NHS underfunding – how can we relieve the pressure?

New figures have again highlighted how the current “sticking plaster” approach to NHS underfunding is not working.
In a major report, the Institute for Fiscal Studies (IFS) says that merely to maintain provision at current levels, spending on healthcare will have to rise by an average 3.3 per cent a year above inflation over the next 15 years.
In order to get the NHS back on track with currently missed targets, funding increases of 4 per cent a year above inflation would be required – with 5 per cent increases in the short-run to address current crises.
The IFS said that would require taxes to rise by between 1.6 and 2.6 per cent of GDP, the equivalent of between £1,200 and £2,000 per household.
After the Bawa-Garba case earlier this year there are already fears that doctors will retreat from the front line as overwork and the risk of negligence cases make safer specialisms preferable to acute medicine.
Dr Hadiza Bawa-Garba made an error which led to a child’s death. The doctor was under extreme pressure, covering for an absent registrar while overseeing six wards on four floors, on a relentlessly demanding twelve-hour shift. It was her first day back after maternity leave and she had had no induction training. The nursing rota was understaffed and the IT system was down for hours, meaning blood test results were critically delayed. Her consultant wasn’t present. All the evidence given testified to her being a committed, above-average doctor, and yet she was struck-off and thrown out of the profession.
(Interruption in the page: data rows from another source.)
lemma has_real_derivative_0_squeeze:
  fixes f g :: "real \<Rightarrow> real"
  assumes "(g has_real_derivative 0) (at x)" "g x = 0" "f x = 0" "\<And>z. \<bar>f z\<bar> \<le> \<bar>g z\<bar>"
  shows "(f has_real_derivative 0) (at x)"
proof -
  have "((\<lambda>z. \<bar>(g z - g x) / (z - x)\<bar>) \<longlongrightarrow> 0) (at x)"
    using assms(1) by (intro tendsto_rabs_zero) (simp add: has_field_derivative_iff)
  then have "((\<lambda>z. (f z - f x) / (z - x)) \<longlongrightarrow> 0) (at x)"
  proof (rule Lim_null_comparison[rotated])
    show "\<forall>\<^sub>F z in at x. norm ((f z - f x) / (z - x)) \<le> \<bar>(g z - g x) / (z - x)\<bar>"
      using assms(2-4) by (intro always_eventually allI) (simp add: abs_divide divide_right_mono)
  qed
  then show ?thesis
    by (simp add: has_field_derivative_iff)
qed

lemma has_real_derivative_cutoff:
  fixes g g' :: "real \<Rightarrow> real"
  assumes g: "\<And>x. (g has_real_derivative g' x) (at x)" and "y > 0"
    and vanish: "g y = 0" "g (-y) = 0" "g' y = 0" "g' (-y) = 0"
  shows "((\<lambda>x. if \<bar>x\<bar> < y then g x else 0) has_real_derivative (if \<bar>x\<bar> < y then g' x else 0)) (at x)"
proof -
  consider "\<bar>x\<bar> < y" | "\<bar>x\<bar> > y" | "x = y \<or> x = -y"
    by linarith
  then show ?thesis
  proof cases
    case 1
    have "((\<lambda>x. if \<bar>x\<bar> < y then g x else 0) has_real_derivative g' x) (at x)"
      by (rule has_field_derivative_transform_within_open[OF g, where S = "{-y<..<y}"])
        (use 1 in auto)
    then show ?thesis
      using 1 by simp
  next
    case 2
    have "open {z :: real. y < \<bar>z\<bar>}"
      by (rule open_Collect_less) (auto intro: continuous_intros)
    then have "((\<lambda>x. if \<bar>x\<bar> < y then g x else 0) has_real_derivative 0) (at x)"
      by (rule has_field_derivative_transform_within_open[OF DERIV_const]) (use 2 in auto)
    then show ?thesis
      using 2 by simp
  next
    case 3
    then have "(g has_real_derivative 0) (at x)"
      using g[of x] vanish by auto
    then have "((\<lambda>x. if \<bar>x\<bar> < y then g x else 0) has_real_derivative 0) (at x)"
      by (rule has_real_derivative_0_squeeze) (use 3 vanish in auto)
    then show ?thesis
      using 3 \<open>y > 0\<close> by auto
  qed
qed

lemma abs_le_supnorm:
  assumes "continuous_on {-1..1} g" "x \<in> {-1..1}"
  shows "\<bar>g x\<bar> \<le> supnorm g"
proof -
  have "compact ((\<lambda>x. \<bar>g x\<bar>) ` {-1..1})"
    using assms(1) by (intro compact_continuous_image continuous_intros) auto
  then have "bdd_above ((\<lambda>x. \<bar>g x\<bar>) ` {-1..1})"
    by (intro bounded_imp_bdd_above compact_imp_bounded)
  then show ?thesis
    unfolding supnorm_def using assms(2) by (rule cSUP_upper2) simp
qed

lemma abs_le_supnorm_diff:
  assumes "continuous_on {-1..1} (\<lambda>x. f x - g x)" "x \<in> {-1..1}" "f x = 0"
  shows "\<bar>g x\<bar> \<le> supnorm (\<lambda>x. f x - g x)"
  using abs_le_supnorm[OF assms(1,2)] assms(3) by simp

lemma supnorm_le:
  assumes "\<And>x. x \<in> {-1..1} \<Longrightarrow> \<bar>g x\<bar> \<le> M"
  shows "supnorm g \<le> M"
  unfolding supnorm_def using assms by (intro cSUP_least) auto

lemma continuous_on_Cr_derivs:
  assumes "Cr_derivs r D" "i \<le> r"
  shows "continuous_on {-1..1} (D i)"
proof (cases "i = r")
  case False
  with assms have "\<forall>x\<in>{-1..1}. (D i has_real_derivative D (Suc i) x) (at x within {-1..1})"
    unfolding Cr_derivs_def by simp
  then show ?thesis
    by (intro DERIV_continuous_on[where D = "D (Suc i)"]) blast
qed (use assms in \<open>simp add: Cr_derivs_def\<close>)

lemma bounded_poly_on_unit_interval:
  obtains K :: real where "K > 0" "\<And>t. \<bar>t\<bar> \<le> 1 \<Longrightarrow> \<bar>poly q t\<bar> \<le> K"
proof -
  have "bounded (poly q ` {-1..1})"
    by (intro compact_imp_bounded compact_continuous_image) (auto intro: continuous_intros)
  then obtain K where "K > 0" "\<forall>t\<in>{-1..1}. \<bar>poly q t\<bar> \<le> K"
    unfolding bounded_pos by auto
  then show ?thesis
    using that by (auto simp: abs_le_iff)
qed

definition bump_poly :: "nat \<Rightarrow> nat \<Rightarrow> real poly" where
  "bump_poly s k = monom 1 s * [:1, 0, -1:] ^ k"

lemma poly_bump_poly: "poly (bump_poly s k) t = t ^ s * (1 - t\<^sup>2) ^ k"
  by (simp add: bump_poly_def poly_monom poly_power power2_eq_square)

lemma bump_poly_nonneg:
  assumes "even s" "\<bar>t\<bar> \<le> 1"
  shows "poly (bump_poly s k) t \<ge> 0"
proof -
  have "t\<^sup>2 \<le> 1"
    using assms(2) by (simp add: abs_square_le_1)
  then show ?thesis
    using assms(1) by (simp add: poly_bump_poly zero_le_even_power)
qed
I have every sympathy for NHS staff on the receiving end of funding cuts and shortages. The NHS was never meant to cope with such high numbers of patients and radical changes need to be made in order to save it.  All professionals are open to claims if we fall below the standard required of society, lawyers included.
What is increasingly clear is that the NHS is no longer fit for purpose, due to the high number of people using it.
We are following the USA and becoming a more litigious society.   If hospital negligence results in injury, people are entitled to take action.   We cannot take away those rights away.
The time has come for radical change to the whole system.    A sticking plaster approach will not work any longer.
One potential solution is to means test those who use the service and rely on private medical care to assist the NHS.  I also believe employers can do more to provide staff with access to private healthcare and help relieve the pressure.